Torticollis is also known commonly as "wry neck." It is a deformity of the neck in which the head tilts toward one shoulder and is simultanously the chin rotates toward the opposite shoulder.

Congenital muscular torticollis is by far the most common form. It is associated with a mass in the sternocleidomastoid muscle (the strap that courses from beneath the angle of the jaw to the base of the neck above the medial end of the collarbone. The right sided muscle is involved 75% of the time.

It is usually diagnosed in the first couple of months of life. If it is picked up in the first few weeks, there may be a soft lump the size of an olive felt in the belly of the muscle. This generally disappears, and the muscle feels just tight and shortened. Torticollis in babies older than a month who don't have a tight sternocleidomastoid could be a sign of another condition; this is worrisome.

The theory is that during vaginal delivery, blood flow to the affect neck muscle is reduced, causing damage. This theory sounds pretty good for most cases, but there are familial cases and cases where the baby was born by C-section. Go figure.

About 8% of babies born with congenital muscular torticollis have developmental dysplasia of the hip, so careful evaluation (to include a hip ultrasound) is imperative. Neck xrays are probably advisable for babies with torticollis as well, to rule out abnormalities of the neck vertebrae which can masquerade as simple muscular torticollis.

Torticollis may cause permanent facial deformity if it is not resolved in the first year. Physical therapy is the treatment of choice, and is almost always curative. Your doctor will either show you how to do the therapy or refer you to a physical therapist. It should be essentially gone within three months of therapy, or an orhtopedist should do a more detailed evaluation for other possible causes of the torticollis, which could be significant. If physical therapy doesn't do the trick for congenital muscular torticollis, the sternocleidomastoid muscle will need to be surgically lengthened.
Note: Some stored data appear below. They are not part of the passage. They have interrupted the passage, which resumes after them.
(* Let $m>1$ be odd and let $\varphi:\mathbb{Z}_{2m}\to\{\pm1\}$ be a binary sequence of length $2m$. Define the binary $(2,m)$-array $\phi:\mathbb{Z}_2\times\mathbb{Z}_m\to\{\pm1\}$ as follows, where $a\in\{0,1\}$, $k$ is taken as an integer in $\{0,1,\ldots,m-1\}$, and arguments of $\varphi$ are read modulo $2m$. If $m\equiv 1 \pmod 4$: $\phi(a,k)=\varphi(k+am)$ if $k\equiv 0\pmod 4$; $\phi(a,k)=(-1)^{1-a}\varphi(k+(1-a)m)$ if $k\equiv 1\pmod 4$; $\phi(a,k)=-\varphi(k+am)$ if $k\equiv 2\pmod 4$; $\phi(a,k)=(-1)^{a}\varphi(k+(1-a)m)$ if $k\equiv 3\pmod 4$. If $m\equiv 3 \pmod 4$: $\phi(a,k)=(-1)^a\varphi(k+am)$ if $k\equiv 0\pmod 4$; $\phi(a,k)=\varphi(k+(1-a)m)$ if $k\equiv 1\pmod 4$; $\phi(a,k)=(-1)^{1-a}\varphi(k+am)$ if $k\equiv 2\pmod 4$; $\phi(a,k)=-\varphi(k+(1-a)m)$ if $k\equiv 3\pmod 4$. Then $\varphi$ is a GOBS if and only if $\phi$ is a GOBA$(2,m)$ of type $(1,0)$.
   Context: For a finite abelian group $A$ (written additively) and a map $\psi:A\to\mathbb{C}$, the periodic autocorrelation is $R_\psi(x)=\sum_{b\in A}\psi(b)\overline{\psi(x+b)}$ for $x\in A$. Let $m$ be odd. A binary $(2,m)$-array is a map $\phi:\mathbb{Z}_2\times\mathbb{Z}_m\to\{\pm1\}$. Its expansion (with respect to type $(1,0)$) is $\phi':\mathbb{Z}_4\times\mathbb{Z}_m\to\{\pm1\}$ given by $\phi'(a,k)=\phi(a \bmod 2,k)$ for $a\in\{0,1\}$ and $\phi'(a,k)=-\phi(a\bmod 2,k)$ for $a\in\{2,3\}$. The array $\phi$ is a GOBA$(2,m)$ of type $(1,0)$ if $R_{\phi'}(x)\in\{0,4,-4\}$ for all $x\in(\mathbb{Z}_4\times\mathbb{Z}_m)\setminus\{(0,0),(2,0)\}$ and exactly $2m$ elements $x\in\mathbb{Z}_4\times\mathbb{Z}_m$ satisfy $R_{\phi'}(x)=0$. For a binary sequence $\varphi:\mathbb{Z}_{2m}\to\{\pm1\}$, its expansion is $\varphi':\mathbb{Z}_{4m}\to\{\pm1\}$ with $\varphi'(x)=\varphi(x\bmod 2m)$ for $x\in\{0,\ldots,2m-1\}$ and $\varphi'(x)=-\varphi(x\bmod 2m)$ for $x\in\{2m,\ldots,4m-1\}$. The sequence $\varphi$ is a GOBS (generalized optimal binary sequence) if $R_{\varphi'}(x)\in\{0,4,-4\}$ for all $x\in\mathbb{Z}_{4m}\setminus\{0,2m\}$ and exactly $2m$ elements $x\in\mathbb{Z}_{4m}$ satisfy $R_{\varphi'}(x)=0$. *)

theory Defs
  imports Complex_Main
begin

text \<open>Z_n is represented by {0..<n} with arithmetic mod n. Binary maps take values in {1,-1}
  as complex numbers.\<close>

definition binary_seq :: "nat \<Rightarrow> (nat \<Rightarrow> complex) \<Rightarrow> bool" where
  "binary_seq n f \<longleftrightarrow> (\<forall>x<n. f x \<in> {1, -1})"

definition autocorr_seq :: "nat \<Rightarrow> (nat \<Rightarrow> complex) \<Rightarrow> nat \<Rightarrow> complex" where
  "autocorr_seq n psi x = (\<Sum>b<n. psi b * cnj (psi ((x + b) mod n)))"

definition seq_expansion :: "nat \<Rightarrow> (nat \<Rightarrow> complex) \<Rightarrow> nat \<Rightarrow> complex" where
  "seq_expansion m f x = (if x < 2*m then f x else - f (x - 2*m))"

definition is_GOBS :: "nat \<Rightarrow> (nat \<Rightarrow> complex) \<Rightarrow> bool" where
  "is_GOBS m f \<longleftrightarrow>
     (\<forall>x<4*m. x \<noteq> 0 \<and> x \<noteq> 2*m \<longrightarrow>
        autocorr_seq (4*m) (seq_expansion m f) x \<in> {0, 4, -4}) \<and>
     card {x. x < 4*m \<and> autocorr_seq (4*m) (seq_expansion m f) x = 0} = 2*m"

definition autocorr_arr :: "nat \<Rightarrow> nat \<Rightarrow> (nat \<Rightarrow> nat \<Rightarrow> complex) \<Rightarrow> nat \<Rightarrow> nat \<Rightarrow> complex" where
  "autocorr_arr r m psi x1 x2 =
     (\<Sum>b1<r. \<Sum>b2<m. psi b1 b2 * cnj (psi ((x1 + b1) mod r) ((x2 + b2) mod m)))"

text \<open>Expansion of a (2,m)-array with respect to type (1,0).\<close>
definition arr_expansion :: "(nat \<Rightarrow> nat \<Rightarrow> complex) \<Rightarrow> nat \<Rightarrow> nat \<Rightarrow> complex" where
  "arr_expansion g a k = (if a < 2 then g a k else - g (a - 2) k)"

definition is_GOBA_2m_10 :: "nat \<Rightarrow> (nat \<Rightarrow> nat \<Rightarrow> complex) \<Rightarrow> bool" where
  "is_GOBA_2m_10 m g \<longleftrightarrow>
     (\<forall>x1<4. \<forall>x2<m. (x1, x2) \<notin> {(0,0), (2,0)} \<longrightarrow>
        autocorr_arr 4 m (arr_expansion g) x1 x2 \<in> {0, 4, -4}) \<and>
     card {(x1, x2). x1 < 4 \<and> x2 < m \<and> autocorr_arr 4 m (arr_expansion g) x1 x2 = 0} = 2*m"

definition arr_of_seq :: "nat \<Rightarrow> (nat \<Rightarrow> complex) \<Rightarrow> nat \<Rightarrow> nat \<Rightarrow> complex" where
  "arr_of_seq m f a k =
    (let A = f ((k + a*m) mod (2*m)); B = f ((k + (1 - a)*m) mod (2*m)) in
     if m mod 4 = 1 then
       (if k mod 4 = 0 then A
        else if k mod 4 = 1 then (-1) ^ (1 - a) * B
        else if k mod 4 = 2 then - A
        else (-1) ^ a * B)
     else
       (if k mod 4 = 0 then (-1) ^ a * A
        else if k mod 4 = 1 then B
        else if k mod 4 = 2 then (-1) ^ (1 - a) * A
        else - B))"

end

theory Submission
  imports Defs "HOL-Number_Theory.Cong"
begin

text \<open>For odd m the Chinese remainder map x \<mapsto> (x mod 4, x mod m) is a group isomorphism
  from Z_4m onto Z_4 \<times> Z_m sending 0 and 2m to (0,0) and (2,0). The signs and shifts in the
  definition of the array are arranged precisely so that this isomorphism carries the expansion
  of the array to the expansion of the sequence: the entry at x = k + j m (k < m, j < 4) lands
  at (x mod 4, k), and x mod 4 is fixed by k mod 4, j and m mod 4. Periodic autocorrelation is
  invariant under group isomorphisms, so the condition on the values off the two trivial shifts
  and the number of zeros transfer in both directions.\<close>

lemma bij_betw_mod_pair:
  fixes n m :: nat
  assumes "coprime n m"
  shows "bij_betw (\<lambda>x. (x mod n, x mod m)) {..<n*m} ({..<n} \<times> {..<m})"
proof -
  have inj: "inj_on (\<lambda>x. (x mod n, x mod m)) {..<n*m}"
  proof (rule inj_onI)
    fix x y assume "x \<in> {..<n*m}" "y \<in> {..<n*m}" "(x mod n, x mod m) = (y mod n, y mod m)"
    then have "[x = y] (mod n*m)"
      by (intro coprime_cong_mult_nat[OF _ _ assms]) (simp_all add: cong_def)
    then show "x = y" using \<open>x \<in> {..<n*m}\<close> \<open>y \<in> {..<n*m}\<close>
      by (auto intro: cong_less_modulus_unique_nat)
  qed
  moreover have "(\<lambda>x. (x mod n, x mod m)) ` {..<n*m} \<subseteq> {..<n} \<times> {..<m}"
    by (auto intro!: mod_less_divisor) (metis gr0I mult_0 mult_0_right not_less0)+
  moreover have "card ((\<lambda>x. (x mod n, x mod m)) ` {..<n*m}) = card ({..<n} \<times> {..<m})"
    using card_image[OF inj] by (simp add: card_cartesian_product)
  ultimately show ?thesis
    by (simp add: bij_betw_def card_subset_eq)
qed

lemma card_Collect_bij_betw:
  assumes "bij_betw h A B"
  shows "card {y \<in> B. P y} = card {x \<in> A. P (h x)}"
proof -
  have "bij_betw h {x \<in> A. P (h x)} {y \<in> B. P y}"
    using assms by (auto simp: bij_betw_def inj_on_def)
  then show ?thesis by (simp add: bij_betw_same_card)
qed

lemma autocorr_arr_mod_pair:
  fixes G :: "nat \<Rightarrow> nat \<Rightarrow> complex" and F :: "nat \<Rightarrow> complex"
  assumes "coprime n m" "x < n*m"
    and G_F: "\<And>y. y < n*m \<Longrightarrow> G (y mod n) (y mod m) = F y"
  shows "autocorr_arr n m G (x mod n) (x mod m) = autocorr_seq (n*m) F x"
proof -
  have n_m_pos: "n > 0" "m > 0"
    using assms(2) by (auto intro!: gr0I)
  define h where
    "h = (\<lambda>(b1, b2). G b1 b2 * cnj (G ((x mod n + b1) mod n) ((x mod m + b2) mod m)))"
  have "autocorr_arr n m G (x mod n) (x mod m) = sum h ({..<n} \<times> {..<m})"
    unfolding autocorr_arr_def h_def by (simp add: sum.cartesian_product)
  also have "\<dots> = (\<Sum>y<n*m. h (y mod n, y mod m))"
    using sum.reindex_bij_betw[OF bij_betw_mod_pair[OF assms(1)], of h] by simp
  also have "\<dots> = autocorr_seq (n*m) F x"
    unfolding autocorr_seq_def
  proof (rule sum.cong)
    fix y assume "y \<in> {..<n*m}"
    moreover have "(x + y) mod (n*m) < n*m"
      using n_m_pos by simp
    moreover have "(x mod n + y mod n) mod n = ((x + y) mod (n*m)) mod n"
      "(x mod m + y mod m) mod m = ((x + y) mod (n*m)) mod m"
      by (simp_all add: mod_add_eq mod_mod_cancel)
    ultimately show "h (y mod n, y mod m) = F y * cnj (F ((x + y) mod (n*m)))"
      unfolding h_def by (simp add: G_F)
  qed simp
  finally show ?thesis .
qed

lemma arr_expansion_arr_of_seq_mod_pair:
  fixes f :: "nat \<Rightarrow> complex"
  assumes "odd m" "x < 4*m"
  shows "arr_expansion (arr_of_seq m f) (x mod 4) (x mod m) = seq_expansion m f x"
proof -
  define k j where "k = x mod m" and "j = x div m"
  have m_pos: "m > 0"
    using assms(1) by (simp add: odd_pos)
  have x: "x = k + j*m" and k: "k < m" and j: "j < 4"
    using assms m_pos by (simp_all add: k_def j_def less_mult_imp_div_less)
  have "x mod 4 = (k mod 4 + j * (m mod 4)) mod 4"
    unfolding x by (metis mod_add_left_eq mod_add_right_eq mod_mult_right_eq)
  moreover have "m mod 4 = 1 \<or> m mod 4 = 3"
    using assms(1) by presburger
  moreover have "k mod 4 = 0 \<or> k mod 4 = 1 \<or> k mod 4 = 2 \<or> k mod 4 = 3"
    by presburger
  moreover have "j = 0 \<or> j = 1 \<or> j = 2 \<or> j = 3"
    using j by auto
  moreover have "k mod (2*m) = k" "(k + m) mod (2*m) = k + m"
    using k by simp_all
  moreover have "seq_expansion m f k = f k" "seq_expansion m f (k + m) = f (k + m)"
    "seq_expansion m f (k + 2*m) = - f k" "seq_expansion m f (k + 3*m) = - f (k + m)"
    using k by (simp_all add: seq_expansion_def add.commute)
  ultimately show ?thesis
    unfolding k_def[symmetric]
    by (elim disjE) (simp_all add: arr_expansion_def arr_of_seq_def Let_def x)
qed

lemma coprime_four_odd:
  fixes m :: nat
  assumes "odd m"
  shows "coprime 4 m"
  using assms coprime_power_left_iff[of 2 2 m] by simp

lemma autocorr_arr_of_seq_mod_pair:
  fixes f :: "nat \<Rightarrow> complex"
  assumes "odd m" "x < 4*m"
  shows "autocorr_arr 4 m (arr_expansion (arr_of_seq m f)) (x mod 4) (x mod m)
    = autocorr_seq (4*m) (seq_expansion m f) x"
  using assms by (intro autocorr_arr_mod_pair coprime_four_odd arr_expansion_arr_of_seq_mod_pair)

lemma mod_pair_exceptional_iff:
  fixes m x :: nat
  assumes "odd m" "x < 4*m"
  shows "(x mod 4, x mod m) \<in> {(0, 0), (2, 0)} \<longleftrightarrow> x \<in> {0, 2*m}"
proof -
  have inj: "inj_on (\<lambda>x. (x mod 4, x mod m)) {..<4*m}"
    using bij_betw_mod_pair[OF coprime_four_odd[OF assms(1)]] by (rule bij_betw_imp_inj_on)
  have "(x mod 4, x mod m) = (y mod 4, y mod m) \<longleftrightarrow> x = y" if "y < 4*m" for y
    by (rule inj_on_eq_iff[OF inj]) (use assms(2) that in auto)
  from this[of 0] this[of "2*m"] have
    "(x mod 4, x mod m) \<in> {(0 mod 4, 0 mod m), (2*m mod 4, 2*m mod m)}
      \<longleftrightarrow> x \<in> {0, 2*m}"
    using assms by (simp only: insert_iff empty_iff)
  moreover have "2*m mod 4 = 2"
    using assms(1) by presburger
  ultimately show ?thesis
    by simp
qed

theorem lemma1:
  fixes m :: nat and f :: "nat \<Rightarrow> complex"
  assumes "odd m" and "m > 1" and "binary_seq (2*m) f"
  shows "is_GOBS m f \<longleftrightarrow> is_GOBA_2m_10 m (arr_of_seq m f)"
proof -
  let ?crt = "\<lambda>x. (x mod 4, x mod m)"
  define R where "R = autocorr_seq (4*m) (seq_expansion m f)"
  define A where "A = autocorr_arr 4 m (arr_expansion (arr_of_seq m f))"
  have bij: "bij_betw ?crt {..<4*m} ({..<4} \<times> {..<m})"
    by (rule bij_betw_mod_pair[OF coprime_four_odd[OF assms(1)]])
  have A_crt: "case_prod A (?crt x) = R x" if "x < 4*m" for x
    unfolding A_def R_def using autocorr_arr_of_seq_mod_pair[OF assms(1) that] by simp
  have peaks:
    "(\<forall>p \<in> {..<4} \<times> {..<m}. p \<notin> {(0, 0), (2, 0)} \<longrightarrow> case_prod A p \<in> {0, 4, -4})
      \<longleftrightarrow> (\<forall>x \<in> {..<4*m}. x \<notin> {0, 2*m} \<longrightarrow> R x \<in> {0, 4, -4})"
    unfolding bij_betw_imp_surj_on[OF bij, symmetric] ball_simps(9)
    by (intro ball_cong refl)
      (simp only: mod_pair_exceptional_iff[OF assms(1)] A_crt lessThan_iff)
  have "card {p \<in> {..<4} \<times> {..<m}. case_prod A p = 0}
      = card {x \<in> {..<4*m}. case_prod A (?crt x) = 0}"
    by (rule card_Collect_bij_betw[OF bij])
  also have "{x \<in> {..<4*m}. case_prod A (?crt x) = 0} = {x \<in> {..<4*m}. R x = 0}"
    using A_crt by auto
  finally have zeros: "card {p \<in> {..<4} \<times> {..<m}. case_prod A p = 0}
      = card {x \<in> {..<4*m}. R x = 0}" .
  have "{(x1, x2). x1 < 4 \<and> x2 < m \<and> A x1 x2 = 0}
      = {p \<in> {..<4} \<times> {..<m}. case_prod A p = 0}"
    by auto
  then show ?thesis
    using peaks zeros unfolding is_GOBS_def is_GOBA_2m_10_def A_def[symmetric] R_def[symmetric]
    by (simp add: Ball_def) blast
qed

end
Torticollis can be acquired beyond the newborn period. A stiff neck or a crick in the neck is a common office problem in pediatrics. The child has a sudden onset of intense pain and stiffness in the muscles of the neck on one side. It is almost always just a stiff neck. A cervical collar, rest, and perhaps some muscle relaxant medication will cure the condition and put everyone's mind at ease.

While this could be a more serious condition of atlanto-axial subluxation (a rare condition: twisting of the first and second neck vertebrae out of position), it almost never is.
Just remember that the ordinary stiff neck in older kids should be better within two or three days, and call your doctor if it isn't.